Unterhering Healthcare Technology
In the pre-mobile IT days, staying connected to the larger organization meant staying "tethered" to your desk computer while the real action was out on the floor. Mobility enables the very essence of "proactive management" -- preventing the unexpected.
For example, rather than waiting for alarms, alerts and crisis level pleas, supervisors can see patient bottlenecks begin to form and avert a disaster instead of just reacting to it. Rather than tell a frantic unit manager "I'll get back to you," they can expedite a patient transfer, a bed cleaning or a tray delivery while speaking directly with the manager on the floor.
Busy specialists making rounds can transfer patients with a few taps of a handheld device and write discharge orders without losing a step. Multiply these scenarios across many caregivers and many patient units, and the result will be streamlined performance and experience across the board, for all areas. That's why hospitals are unplugging at the highest rate since the creation of the cordless environment.
In addition to PDAs giving nurses quick access to current drug references and medical calculators, they can also record, organize and track patient data as they work, simultaneously sharing data on treatments and assessments.
Today, there are many nursing-specific titles that can be downloaded from the Internet. The near future will bring even more proven solutions from industry-specific vendors that fit the palms, lab coat pockets or clipboards of nursing professionals with PDAs.
The Future Is Now
While many nurses have adopted PDA technology, the broader nursing culture has not historically embraced information technology for several reasons, one of which is that the most commonly used form of healthcare IT -- the desktop computer -- can keep them away from their patients several hours a day.
Tech phobia and frustration also can be barriers, as well as lack of training and the perception that electronic documentation requires extra time.
PDAs can solve the disconnect issue if nurses see them as a device that will enhance their already strong information management skills and reduce the likelihood of medical errors.
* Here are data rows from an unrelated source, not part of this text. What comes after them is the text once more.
text \<open>The model is the image of one product of Gaussians over the disjoint union of its two index
  sets; this lets Fubini regroup the coordinates of design and noise together.\<close>

definition sum_split :: "'a set \<Rightarrow> 'b set \<Rightarrow> ('a + 'b \<Rightarrow> real) \<Rightarrow> ('a \<Rightarrow> real) \<times> ('b \<Rightarrow> real)" where
  "sum_split I1 I2 h = ((\<lambda>x\<in>I1. h (Inl x)), (\<lambda>x\<in>I2. h (Inr x)))"

lemma measurable_sum_split [measurable]:
  "sum_split I1 I2 \<in> measurable (PiM (Inl ` I1 \<union> Inr ` I2) (\<lambda>_. gauss)) (PiM I1 (\<lambda>_. gauss) \<Otimes>\<^sub>M PiM I2 (\<lambda>_. gauss))"
  unfolding sum_split_def
  by (intro measurable_Pair measurable_restrict measurable_component_singleton) auto

lemma distr_PiM_gauss_reindex:
  "inj f \<Longrightarrow> distr (PiM (f ` I) (\<lambda>_. gauss)) (PiM I (\<lambda>_. gauss)) (\<lambda>g. \<lambda>x\<in>I. g (f x)) = PiM I (\<lambda>_. gauss)"
  using distr_PiM_reindex[of "f ` I" "\<lambda>_. gauss" f I] by (auto simp: inj_on_subset)

lemma distr_sum_split_PiM_gauss:
  fixes I1 :: "'a set" and I2 :: "'b set"
  assumes "finite I1" "finite I2"
  shows "distr (PiM (Inl ` I1 \<union> Inr ` I2) (\<lambda>_. gauss)) (PiM I1 (\<lambda>_. gauss) \<Otimes>\<^sub>M PiM I2 (\<lambda>_. gauss)) (sum_split I1 I2)
       = PiM I1 (\<lambda>_. gauss) \<Otimes>\<^sub>M PiM I2 (\<lambda>_. gauss)"
proof -
  let ?A = "PiM (Inl ` I1 :: ('a + 'b) set) (\<lambda>_. gauss) \<Otimes>\<^sub>M PiM (Inr ` I2 :: ('a + 'b) set) (\<lambda>_. gauss)"
  let ?S = "Inl ` I1 \<union> Inr ` I2"
  let ?T = "PiM I1 (\<lambda>_. gauss) \<Otimes>\<^sub>M PiM I2 (\<lambda>_. gauss)"
  let ?R1 = "\<lambda>g :: 'a + 'b \<Rightarrow> real. \<lambda>x\<in>I1. g (Inl x)"
  let ?R2 = "\<lambda>g :: 'a + 'b \<Rightarrow> real. \<lambda>x\<in>I2. g (Inr x)"
  have "PiM ?S (\<lambda>_. gauss) = distr ?A (PiM ?S (\<lambda>_. gauss)) (merge (Inl ` I1) (Inr ` I2))"
    using assms by (intro gauss_product.distr_merge[symmetric]) auto
  then have "distr (PiM ?S (\<lambda>_. gauss)) ?T (sum_split I1 I2)
      = distr (distr ?A (PiM ?S (\<lambda>_. gauss)) (merge (Inl ` I1) (Inr ` I2))) ?T (sum_split I1 I2)"
    by simp
  also have "\<dots> = distr ?A ?T (sum_split I1 I2 \<circ> merge (Inl ` I1) (Inr ` I2))"
    by (rule distr_distr) (auto intro: measurable_merge)
  also have "\<dots> = distr ?A ?T (\<lambda>(g, h). (?R1 g, ?R2 h))"
    by (rule distr_cong) (auto simp: sum_split_def merge_def space_pair_measure fun_eq_iff)
  also have "\<dots> = distr (PiM (Inl ` I1) (\<lambda>_. gauss)) (PiM I1 (\<lambda>_. gauss)) ?R1
              \<Otimes>\<^sub>M distr (PiM (Inr ` I2) (\<lambda>_. gauss)) (PiM I2 (\<lambda>_. gauss)) ?R2"
    by (rule pair_measure_distr[symmetric])
       (auto intro!: measurable_restrict measurable_component_singleton prob_space_imp_sigma_finite prob_space_PiM
             simp: distr_PiM_gauss_reindex)
  also have "\<dots> = ?T"
    by (simp add: distr_PiM_gauss_reindex)
  finally show ?thesis .
qed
With prompts, alerts and biometrics, PDAs can help ensure the correct patient gets the correct medication at the correct dosage at the correct time.
One way to do this is to involve nurses during the process of defining the applications, to instill confidence that the technology meets their needs. Too often, nurses are excluded from design and planning, which can lead to systems that fall short of their potential because there is no "buy-in" by the nursing staff. Some of the mobile features nurses want are secure devices, alert alarms, biometric solutions, supervisor alerts, specialty-specific programming and confirmation that physicians have received and acted on critical messages.
A 2005 Harris poll showed 75 percent of Americans like the idea of adopting new medical technologies, such as handheld devices, for reasons of improved care and cost reduction. More than 90 percent of clinicians 35 years of age and under use handheld reference software, according to a 2003 report on trends in mobile computing by Spyglass Consulting Group.
Survey data from 2004 found 57 percent of all U.S. physicians regularly used handhelds, including 73 percent of residents and 71 percent of family/general practitioners. A 2005 survey of nurse practitioner students and faculty by Stroud, et al., found that 67 percent of respondents use this technology.
The importance of enhanced patient care cannot be overstated, especially as healthcare moves toward transparency and an era of healthcare "consumerism." Against that backdrop, patient satisfaction becomes an even more critical measure of performance. Integrated mobile information solutions that put health professionals back in front of the patient can go a long way toward improving that performance and the outcomes.